| Your objective |
Below are records; reproduce exactly the lines from the first through the one containing "ennreal (\<Sum>i<Suc j.".

[Records excerpted from a collection]
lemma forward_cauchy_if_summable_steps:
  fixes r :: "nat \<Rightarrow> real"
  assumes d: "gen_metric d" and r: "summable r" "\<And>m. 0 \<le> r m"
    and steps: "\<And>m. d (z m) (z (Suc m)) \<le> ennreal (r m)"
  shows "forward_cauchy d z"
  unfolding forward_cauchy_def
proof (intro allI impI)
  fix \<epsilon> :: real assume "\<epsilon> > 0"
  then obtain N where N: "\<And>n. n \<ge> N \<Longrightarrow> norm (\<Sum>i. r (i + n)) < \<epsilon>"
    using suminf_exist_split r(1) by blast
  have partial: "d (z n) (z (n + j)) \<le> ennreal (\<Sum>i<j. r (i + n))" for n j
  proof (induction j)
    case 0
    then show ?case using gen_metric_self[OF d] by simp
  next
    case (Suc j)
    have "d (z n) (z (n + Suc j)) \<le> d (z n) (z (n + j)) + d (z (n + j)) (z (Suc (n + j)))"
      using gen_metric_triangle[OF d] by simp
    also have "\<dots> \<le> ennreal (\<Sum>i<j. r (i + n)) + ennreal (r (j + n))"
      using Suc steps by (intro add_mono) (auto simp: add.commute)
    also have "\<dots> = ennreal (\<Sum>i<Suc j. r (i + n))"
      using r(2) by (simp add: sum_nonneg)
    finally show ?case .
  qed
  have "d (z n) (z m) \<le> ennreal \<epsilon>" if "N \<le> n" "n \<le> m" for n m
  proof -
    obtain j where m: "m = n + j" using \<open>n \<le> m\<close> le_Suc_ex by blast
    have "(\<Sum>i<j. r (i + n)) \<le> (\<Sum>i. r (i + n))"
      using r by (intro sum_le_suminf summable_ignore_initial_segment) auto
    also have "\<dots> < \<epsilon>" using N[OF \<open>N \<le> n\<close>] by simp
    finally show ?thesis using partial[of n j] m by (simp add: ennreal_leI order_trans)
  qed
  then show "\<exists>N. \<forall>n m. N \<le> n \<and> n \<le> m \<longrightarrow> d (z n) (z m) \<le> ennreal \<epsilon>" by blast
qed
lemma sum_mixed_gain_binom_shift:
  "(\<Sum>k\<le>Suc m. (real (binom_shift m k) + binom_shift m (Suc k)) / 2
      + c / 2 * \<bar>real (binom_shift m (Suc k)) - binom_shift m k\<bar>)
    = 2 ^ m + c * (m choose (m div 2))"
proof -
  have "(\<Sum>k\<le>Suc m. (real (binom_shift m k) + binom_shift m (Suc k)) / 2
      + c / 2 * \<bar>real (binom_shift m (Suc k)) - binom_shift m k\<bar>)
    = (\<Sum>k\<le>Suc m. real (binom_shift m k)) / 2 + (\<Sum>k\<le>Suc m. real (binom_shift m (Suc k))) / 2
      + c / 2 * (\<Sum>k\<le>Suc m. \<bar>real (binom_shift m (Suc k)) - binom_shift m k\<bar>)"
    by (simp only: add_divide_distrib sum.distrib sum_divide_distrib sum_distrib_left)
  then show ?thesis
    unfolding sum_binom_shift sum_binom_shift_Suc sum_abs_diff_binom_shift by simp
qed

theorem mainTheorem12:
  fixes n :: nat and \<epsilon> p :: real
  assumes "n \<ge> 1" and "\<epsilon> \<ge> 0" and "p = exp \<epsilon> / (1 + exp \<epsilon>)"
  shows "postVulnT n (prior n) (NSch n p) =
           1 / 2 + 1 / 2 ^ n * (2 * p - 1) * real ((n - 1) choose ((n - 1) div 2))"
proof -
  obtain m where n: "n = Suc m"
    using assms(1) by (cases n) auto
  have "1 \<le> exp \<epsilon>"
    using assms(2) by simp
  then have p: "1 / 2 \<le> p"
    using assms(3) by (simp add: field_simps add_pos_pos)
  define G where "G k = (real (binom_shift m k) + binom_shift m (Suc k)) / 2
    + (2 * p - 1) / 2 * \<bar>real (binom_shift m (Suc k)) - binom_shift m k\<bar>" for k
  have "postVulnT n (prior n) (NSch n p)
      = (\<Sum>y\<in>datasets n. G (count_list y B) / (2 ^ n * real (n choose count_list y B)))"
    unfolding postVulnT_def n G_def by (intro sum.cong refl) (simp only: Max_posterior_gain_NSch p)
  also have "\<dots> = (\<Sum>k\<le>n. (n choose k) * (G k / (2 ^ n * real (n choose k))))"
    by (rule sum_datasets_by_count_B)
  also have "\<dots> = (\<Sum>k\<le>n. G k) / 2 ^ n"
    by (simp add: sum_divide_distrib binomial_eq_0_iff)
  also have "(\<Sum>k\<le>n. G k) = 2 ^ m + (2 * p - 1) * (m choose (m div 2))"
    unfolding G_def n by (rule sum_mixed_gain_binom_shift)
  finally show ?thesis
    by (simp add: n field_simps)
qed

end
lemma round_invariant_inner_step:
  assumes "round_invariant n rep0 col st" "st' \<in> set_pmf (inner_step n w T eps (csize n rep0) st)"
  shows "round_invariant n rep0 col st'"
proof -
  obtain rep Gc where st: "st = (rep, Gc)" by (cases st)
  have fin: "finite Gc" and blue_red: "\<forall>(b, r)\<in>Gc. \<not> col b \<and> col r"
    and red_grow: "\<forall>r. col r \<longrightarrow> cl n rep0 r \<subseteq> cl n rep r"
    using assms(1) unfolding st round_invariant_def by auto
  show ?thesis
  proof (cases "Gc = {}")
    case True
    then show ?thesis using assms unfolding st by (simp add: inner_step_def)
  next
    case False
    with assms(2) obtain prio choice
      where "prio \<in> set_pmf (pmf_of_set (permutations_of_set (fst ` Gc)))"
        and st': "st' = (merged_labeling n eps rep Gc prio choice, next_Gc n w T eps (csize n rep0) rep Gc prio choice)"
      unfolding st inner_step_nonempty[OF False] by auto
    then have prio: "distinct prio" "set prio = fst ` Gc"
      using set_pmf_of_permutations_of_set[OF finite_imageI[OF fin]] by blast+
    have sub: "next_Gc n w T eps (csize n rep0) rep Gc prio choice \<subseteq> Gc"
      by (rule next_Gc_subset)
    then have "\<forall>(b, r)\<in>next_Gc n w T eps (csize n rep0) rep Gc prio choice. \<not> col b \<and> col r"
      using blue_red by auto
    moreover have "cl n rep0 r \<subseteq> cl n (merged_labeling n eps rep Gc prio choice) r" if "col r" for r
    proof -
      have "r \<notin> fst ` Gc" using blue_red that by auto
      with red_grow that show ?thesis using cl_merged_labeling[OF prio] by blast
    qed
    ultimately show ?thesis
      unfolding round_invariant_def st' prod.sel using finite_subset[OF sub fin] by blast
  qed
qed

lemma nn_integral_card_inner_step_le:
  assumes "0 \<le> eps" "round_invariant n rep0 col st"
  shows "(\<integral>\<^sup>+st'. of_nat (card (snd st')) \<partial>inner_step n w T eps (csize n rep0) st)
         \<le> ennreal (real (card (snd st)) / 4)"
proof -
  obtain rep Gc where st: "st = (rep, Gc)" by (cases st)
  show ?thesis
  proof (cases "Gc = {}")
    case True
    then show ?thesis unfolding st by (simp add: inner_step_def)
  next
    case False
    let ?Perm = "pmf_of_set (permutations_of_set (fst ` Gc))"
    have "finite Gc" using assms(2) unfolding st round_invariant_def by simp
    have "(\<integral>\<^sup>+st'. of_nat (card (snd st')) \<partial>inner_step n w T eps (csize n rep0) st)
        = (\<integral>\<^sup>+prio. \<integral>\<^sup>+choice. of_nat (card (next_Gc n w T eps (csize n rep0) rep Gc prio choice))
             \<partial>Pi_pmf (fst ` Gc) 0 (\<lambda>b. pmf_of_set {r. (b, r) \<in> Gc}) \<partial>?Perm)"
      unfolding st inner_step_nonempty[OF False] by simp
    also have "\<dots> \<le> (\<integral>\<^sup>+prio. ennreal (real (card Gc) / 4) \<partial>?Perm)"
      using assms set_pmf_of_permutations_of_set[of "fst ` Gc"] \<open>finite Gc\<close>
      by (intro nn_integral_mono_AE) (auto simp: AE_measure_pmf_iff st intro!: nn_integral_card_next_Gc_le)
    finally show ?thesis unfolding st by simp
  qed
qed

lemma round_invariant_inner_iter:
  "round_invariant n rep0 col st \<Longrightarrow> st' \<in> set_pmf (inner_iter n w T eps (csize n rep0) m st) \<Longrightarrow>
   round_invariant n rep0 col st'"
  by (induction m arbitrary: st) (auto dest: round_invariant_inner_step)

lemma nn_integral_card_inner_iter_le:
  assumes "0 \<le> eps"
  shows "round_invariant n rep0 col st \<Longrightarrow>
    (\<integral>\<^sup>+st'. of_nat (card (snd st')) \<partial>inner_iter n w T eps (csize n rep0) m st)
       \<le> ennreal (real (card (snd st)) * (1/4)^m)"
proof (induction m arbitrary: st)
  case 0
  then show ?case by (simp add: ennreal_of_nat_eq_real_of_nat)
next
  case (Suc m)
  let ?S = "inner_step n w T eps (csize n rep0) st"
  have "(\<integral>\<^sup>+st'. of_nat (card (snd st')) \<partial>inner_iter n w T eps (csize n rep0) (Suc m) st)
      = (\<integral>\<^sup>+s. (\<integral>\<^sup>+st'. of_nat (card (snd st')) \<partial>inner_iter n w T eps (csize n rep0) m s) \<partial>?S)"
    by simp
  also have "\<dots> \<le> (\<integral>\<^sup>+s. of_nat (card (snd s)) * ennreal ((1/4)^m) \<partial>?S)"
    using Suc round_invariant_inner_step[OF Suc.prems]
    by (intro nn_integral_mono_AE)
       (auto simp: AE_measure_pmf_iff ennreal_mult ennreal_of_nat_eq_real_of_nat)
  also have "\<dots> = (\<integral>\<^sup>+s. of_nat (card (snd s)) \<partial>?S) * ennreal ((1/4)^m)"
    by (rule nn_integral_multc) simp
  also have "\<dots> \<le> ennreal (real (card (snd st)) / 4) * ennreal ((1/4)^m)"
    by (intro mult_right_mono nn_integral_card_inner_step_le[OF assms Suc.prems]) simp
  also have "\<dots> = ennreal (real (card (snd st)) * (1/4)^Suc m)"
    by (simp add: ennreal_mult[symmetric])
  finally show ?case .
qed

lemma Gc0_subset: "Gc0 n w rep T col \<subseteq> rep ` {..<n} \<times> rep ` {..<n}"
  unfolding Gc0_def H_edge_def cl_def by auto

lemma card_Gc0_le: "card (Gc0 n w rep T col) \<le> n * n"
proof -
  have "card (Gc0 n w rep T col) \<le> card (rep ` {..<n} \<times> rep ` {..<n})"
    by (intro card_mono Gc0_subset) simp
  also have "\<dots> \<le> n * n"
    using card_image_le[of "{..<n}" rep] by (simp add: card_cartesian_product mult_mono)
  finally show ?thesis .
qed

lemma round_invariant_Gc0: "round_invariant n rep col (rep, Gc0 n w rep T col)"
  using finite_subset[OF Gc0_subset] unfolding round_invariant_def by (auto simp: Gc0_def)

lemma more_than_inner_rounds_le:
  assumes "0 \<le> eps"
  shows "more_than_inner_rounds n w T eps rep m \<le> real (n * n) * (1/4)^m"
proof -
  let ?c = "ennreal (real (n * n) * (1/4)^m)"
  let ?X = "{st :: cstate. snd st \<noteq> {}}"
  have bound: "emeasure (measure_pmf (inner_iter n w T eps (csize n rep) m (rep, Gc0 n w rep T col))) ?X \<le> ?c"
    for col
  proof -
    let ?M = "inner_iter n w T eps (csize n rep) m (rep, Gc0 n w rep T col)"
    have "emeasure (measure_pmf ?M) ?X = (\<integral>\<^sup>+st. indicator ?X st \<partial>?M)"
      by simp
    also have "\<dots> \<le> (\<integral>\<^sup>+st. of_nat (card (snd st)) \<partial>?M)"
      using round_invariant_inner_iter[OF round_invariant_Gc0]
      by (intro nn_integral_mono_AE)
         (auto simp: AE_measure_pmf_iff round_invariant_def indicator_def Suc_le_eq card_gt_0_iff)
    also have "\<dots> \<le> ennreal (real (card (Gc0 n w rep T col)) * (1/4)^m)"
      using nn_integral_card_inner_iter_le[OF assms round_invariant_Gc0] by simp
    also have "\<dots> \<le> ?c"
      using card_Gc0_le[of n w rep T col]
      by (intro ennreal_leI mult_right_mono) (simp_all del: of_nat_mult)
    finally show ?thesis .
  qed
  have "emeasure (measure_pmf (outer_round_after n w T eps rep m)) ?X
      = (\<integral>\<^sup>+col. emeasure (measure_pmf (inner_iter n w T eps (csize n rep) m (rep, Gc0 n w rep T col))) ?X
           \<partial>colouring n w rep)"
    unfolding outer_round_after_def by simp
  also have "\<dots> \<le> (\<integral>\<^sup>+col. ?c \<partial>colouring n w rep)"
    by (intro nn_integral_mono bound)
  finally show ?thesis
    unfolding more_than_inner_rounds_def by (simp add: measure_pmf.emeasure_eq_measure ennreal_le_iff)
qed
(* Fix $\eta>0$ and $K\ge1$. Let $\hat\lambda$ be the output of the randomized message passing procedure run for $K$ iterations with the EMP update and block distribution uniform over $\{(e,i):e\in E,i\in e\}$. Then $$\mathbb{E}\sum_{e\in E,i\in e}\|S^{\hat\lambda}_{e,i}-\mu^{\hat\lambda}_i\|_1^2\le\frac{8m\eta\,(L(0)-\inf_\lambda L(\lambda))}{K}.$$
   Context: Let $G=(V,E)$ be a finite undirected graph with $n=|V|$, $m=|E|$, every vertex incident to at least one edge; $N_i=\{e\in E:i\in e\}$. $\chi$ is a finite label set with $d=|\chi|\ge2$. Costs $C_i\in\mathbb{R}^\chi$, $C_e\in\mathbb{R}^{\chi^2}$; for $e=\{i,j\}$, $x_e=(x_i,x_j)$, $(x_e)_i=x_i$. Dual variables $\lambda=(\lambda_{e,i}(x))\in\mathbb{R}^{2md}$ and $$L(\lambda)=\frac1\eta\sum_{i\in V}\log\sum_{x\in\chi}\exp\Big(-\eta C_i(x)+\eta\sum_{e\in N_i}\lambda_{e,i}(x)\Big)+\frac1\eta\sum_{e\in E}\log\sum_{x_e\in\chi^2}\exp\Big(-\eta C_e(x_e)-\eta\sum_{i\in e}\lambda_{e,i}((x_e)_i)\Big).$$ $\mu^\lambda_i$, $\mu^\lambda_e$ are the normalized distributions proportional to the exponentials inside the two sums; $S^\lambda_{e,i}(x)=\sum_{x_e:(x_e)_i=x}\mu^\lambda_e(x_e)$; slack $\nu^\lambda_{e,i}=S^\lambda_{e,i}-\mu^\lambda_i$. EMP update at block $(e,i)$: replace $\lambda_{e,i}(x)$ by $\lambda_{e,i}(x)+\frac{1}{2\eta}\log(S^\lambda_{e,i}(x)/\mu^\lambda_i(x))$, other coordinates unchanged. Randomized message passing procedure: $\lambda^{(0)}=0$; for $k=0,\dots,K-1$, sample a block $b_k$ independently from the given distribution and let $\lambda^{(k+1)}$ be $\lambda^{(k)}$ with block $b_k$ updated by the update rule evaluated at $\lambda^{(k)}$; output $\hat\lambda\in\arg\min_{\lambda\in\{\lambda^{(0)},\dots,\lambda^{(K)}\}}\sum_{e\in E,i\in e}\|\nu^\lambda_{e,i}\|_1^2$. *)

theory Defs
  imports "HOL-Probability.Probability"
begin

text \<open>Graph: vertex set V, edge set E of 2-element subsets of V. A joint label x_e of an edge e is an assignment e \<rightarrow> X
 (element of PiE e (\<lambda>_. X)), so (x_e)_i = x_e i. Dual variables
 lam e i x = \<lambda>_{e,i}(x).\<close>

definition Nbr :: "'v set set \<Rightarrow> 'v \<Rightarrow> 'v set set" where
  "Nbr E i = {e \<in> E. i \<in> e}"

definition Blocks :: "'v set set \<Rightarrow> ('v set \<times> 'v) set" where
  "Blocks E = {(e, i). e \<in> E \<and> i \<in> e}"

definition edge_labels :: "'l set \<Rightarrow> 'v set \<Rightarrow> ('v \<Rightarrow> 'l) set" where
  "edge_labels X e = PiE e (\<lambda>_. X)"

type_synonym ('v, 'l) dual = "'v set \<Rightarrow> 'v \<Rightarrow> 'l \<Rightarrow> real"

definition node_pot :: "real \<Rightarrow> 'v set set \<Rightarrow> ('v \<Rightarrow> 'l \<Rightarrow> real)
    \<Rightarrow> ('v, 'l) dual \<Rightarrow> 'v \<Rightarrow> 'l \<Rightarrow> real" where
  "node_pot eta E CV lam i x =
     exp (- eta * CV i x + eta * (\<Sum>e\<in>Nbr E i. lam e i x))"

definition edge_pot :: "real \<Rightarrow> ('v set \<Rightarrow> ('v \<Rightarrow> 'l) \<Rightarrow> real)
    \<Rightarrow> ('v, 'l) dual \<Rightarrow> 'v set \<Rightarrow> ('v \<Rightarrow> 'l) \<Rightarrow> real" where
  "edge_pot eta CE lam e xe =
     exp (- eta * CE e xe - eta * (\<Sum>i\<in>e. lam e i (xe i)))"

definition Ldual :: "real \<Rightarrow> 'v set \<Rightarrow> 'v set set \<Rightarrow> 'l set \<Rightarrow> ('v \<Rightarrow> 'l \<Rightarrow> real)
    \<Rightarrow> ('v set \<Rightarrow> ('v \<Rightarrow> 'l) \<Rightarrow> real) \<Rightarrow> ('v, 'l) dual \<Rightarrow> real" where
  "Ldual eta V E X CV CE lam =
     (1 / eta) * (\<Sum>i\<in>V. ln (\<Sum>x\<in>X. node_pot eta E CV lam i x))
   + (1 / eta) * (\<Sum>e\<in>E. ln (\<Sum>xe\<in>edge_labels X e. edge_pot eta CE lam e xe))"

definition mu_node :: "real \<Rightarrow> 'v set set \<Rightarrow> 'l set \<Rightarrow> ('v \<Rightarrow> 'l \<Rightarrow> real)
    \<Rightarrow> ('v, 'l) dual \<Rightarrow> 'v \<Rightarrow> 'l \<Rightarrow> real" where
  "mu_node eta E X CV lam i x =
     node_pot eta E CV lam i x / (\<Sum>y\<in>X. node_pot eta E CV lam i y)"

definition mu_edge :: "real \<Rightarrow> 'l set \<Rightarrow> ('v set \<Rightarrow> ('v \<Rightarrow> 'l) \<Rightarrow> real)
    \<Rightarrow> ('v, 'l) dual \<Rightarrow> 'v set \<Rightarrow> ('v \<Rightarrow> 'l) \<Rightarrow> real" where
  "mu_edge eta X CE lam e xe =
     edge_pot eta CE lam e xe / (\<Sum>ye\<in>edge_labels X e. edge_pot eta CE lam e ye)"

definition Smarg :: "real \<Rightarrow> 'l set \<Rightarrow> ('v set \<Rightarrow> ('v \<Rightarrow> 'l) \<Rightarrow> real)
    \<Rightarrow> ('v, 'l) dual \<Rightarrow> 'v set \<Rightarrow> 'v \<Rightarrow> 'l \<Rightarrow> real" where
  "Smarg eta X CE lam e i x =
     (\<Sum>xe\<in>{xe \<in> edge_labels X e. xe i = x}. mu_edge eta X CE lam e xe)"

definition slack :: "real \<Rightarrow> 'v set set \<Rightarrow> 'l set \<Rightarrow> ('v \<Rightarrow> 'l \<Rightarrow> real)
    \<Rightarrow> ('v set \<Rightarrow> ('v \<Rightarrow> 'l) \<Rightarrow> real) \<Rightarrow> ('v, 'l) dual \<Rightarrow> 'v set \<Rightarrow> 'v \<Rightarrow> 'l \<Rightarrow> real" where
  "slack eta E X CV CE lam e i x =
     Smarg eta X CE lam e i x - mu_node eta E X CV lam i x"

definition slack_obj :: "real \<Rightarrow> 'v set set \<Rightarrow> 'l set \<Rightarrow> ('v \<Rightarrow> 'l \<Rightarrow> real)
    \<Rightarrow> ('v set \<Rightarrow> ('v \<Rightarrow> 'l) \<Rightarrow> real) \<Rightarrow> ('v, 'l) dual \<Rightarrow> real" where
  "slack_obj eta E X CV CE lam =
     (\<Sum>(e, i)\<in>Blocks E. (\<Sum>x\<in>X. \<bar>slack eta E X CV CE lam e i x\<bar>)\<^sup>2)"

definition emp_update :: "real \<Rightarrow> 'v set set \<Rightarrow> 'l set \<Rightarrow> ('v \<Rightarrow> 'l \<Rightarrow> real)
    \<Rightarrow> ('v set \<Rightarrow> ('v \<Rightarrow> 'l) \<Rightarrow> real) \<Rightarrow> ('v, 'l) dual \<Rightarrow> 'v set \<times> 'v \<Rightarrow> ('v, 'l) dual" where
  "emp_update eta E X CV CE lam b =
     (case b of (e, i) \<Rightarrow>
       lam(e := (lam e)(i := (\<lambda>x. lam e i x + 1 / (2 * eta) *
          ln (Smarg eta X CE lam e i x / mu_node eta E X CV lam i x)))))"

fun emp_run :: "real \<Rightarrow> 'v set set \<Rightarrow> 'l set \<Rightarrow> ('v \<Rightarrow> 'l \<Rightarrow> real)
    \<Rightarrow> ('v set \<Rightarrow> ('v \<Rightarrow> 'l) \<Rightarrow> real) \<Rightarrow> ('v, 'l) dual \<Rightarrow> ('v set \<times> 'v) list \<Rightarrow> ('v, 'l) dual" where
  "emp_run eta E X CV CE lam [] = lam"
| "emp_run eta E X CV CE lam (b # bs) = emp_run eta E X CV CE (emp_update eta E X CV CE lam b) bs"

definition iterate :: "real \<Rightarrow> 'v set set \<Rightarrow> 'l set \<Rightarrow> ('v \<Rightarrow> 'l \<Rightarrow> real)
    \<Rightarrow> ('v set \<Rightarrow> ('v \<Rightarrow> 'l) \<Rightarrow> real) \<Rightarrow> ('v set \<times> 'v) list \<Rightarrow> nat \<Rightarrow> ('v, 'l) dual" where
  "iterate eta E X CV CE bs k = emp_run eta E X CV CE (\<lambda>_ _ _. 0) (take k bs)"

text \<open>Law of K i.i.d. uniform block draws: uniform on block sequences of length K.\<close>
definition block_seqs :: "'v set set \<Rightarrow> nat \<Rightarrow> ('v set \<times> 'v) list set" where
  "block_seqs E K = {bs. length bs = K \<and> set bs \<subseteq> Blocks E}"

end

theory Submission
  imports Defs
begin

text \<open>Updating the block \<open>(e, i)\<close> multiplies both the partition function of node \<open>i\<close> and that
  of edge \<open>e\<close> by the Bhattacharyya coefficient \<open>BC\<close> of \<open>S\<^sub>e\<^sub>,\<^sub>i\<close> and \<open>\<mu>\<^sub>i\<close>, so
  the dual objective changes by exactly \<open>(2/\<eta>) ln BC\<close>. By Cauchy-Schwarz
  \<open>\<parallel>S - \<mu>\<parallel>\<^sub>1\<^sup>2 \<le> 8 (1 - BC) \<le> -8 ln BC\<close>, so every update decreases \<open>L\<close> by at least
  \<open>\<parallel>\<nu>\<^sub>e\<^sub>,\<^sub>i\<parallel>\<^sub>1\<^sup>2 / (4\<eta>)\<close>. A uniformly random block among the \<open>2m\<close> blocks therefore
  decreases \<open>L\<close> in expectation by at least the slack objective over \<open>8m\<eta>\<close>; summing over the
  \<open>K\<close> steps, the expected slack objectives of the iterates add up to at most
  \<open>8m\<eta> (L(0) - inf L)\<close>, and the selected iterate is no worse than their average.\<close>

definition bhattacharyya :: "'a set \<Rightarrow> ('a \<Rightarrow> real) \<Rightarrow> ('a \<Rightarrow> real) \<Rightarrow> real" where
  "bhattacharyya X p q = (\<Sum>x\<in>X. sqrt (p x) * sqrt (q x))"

| Exercise answer |
lemma forward_cauchy_if_summable_steps:
  fixes r :: "nat \<Rightarrow> real"
  assumes d: "gen_metric d" and r: "summable r" "\<And>m. 0 \<le> r m"
    and steps: "\<And>m. d (z m) (z (Suc m)) \<le> ennreal (r m)"
  shows "forward_cauchy d z"
  unfolding forward_cauchy_def
proof (intro allI impI)
  fix \<epsilon> :: real assume "\<epsilon> > 0"
  then obtain N where N: "\<And>n. n \<ge> N \<Longrightarrow> norm (\<Sum>i. r (i + n)) < \<epsilon>"
    using suminf_exist_split r(1) by blast
  have partial: "d (z n) (z (n + j)) \<le> ennreal (\<Sum>i<j. r (i + n))" for n j
  proof (induction j)
    case 0
    then show ?case using gen_metric_self[OF d] by simp
  next
    case (Suc j)
    have "d (z n) (z (n + Suc j)) \<le> d (z n) (z (n + j)) + d (z (n + j)) (z (Suc (n + j)))"
      using gen_metric_triangle[OF d] by simp
    also have "\<dots> \<le> ennreal (\<Sum>i<j. r (i + n)) + ennreal (r (j + n))"
      using Suc steps by (intro add_mono) (auto simp: add.commute)
    also have "\<dots> = ennreal (\<Sum>i<Suc j. r (i + n))"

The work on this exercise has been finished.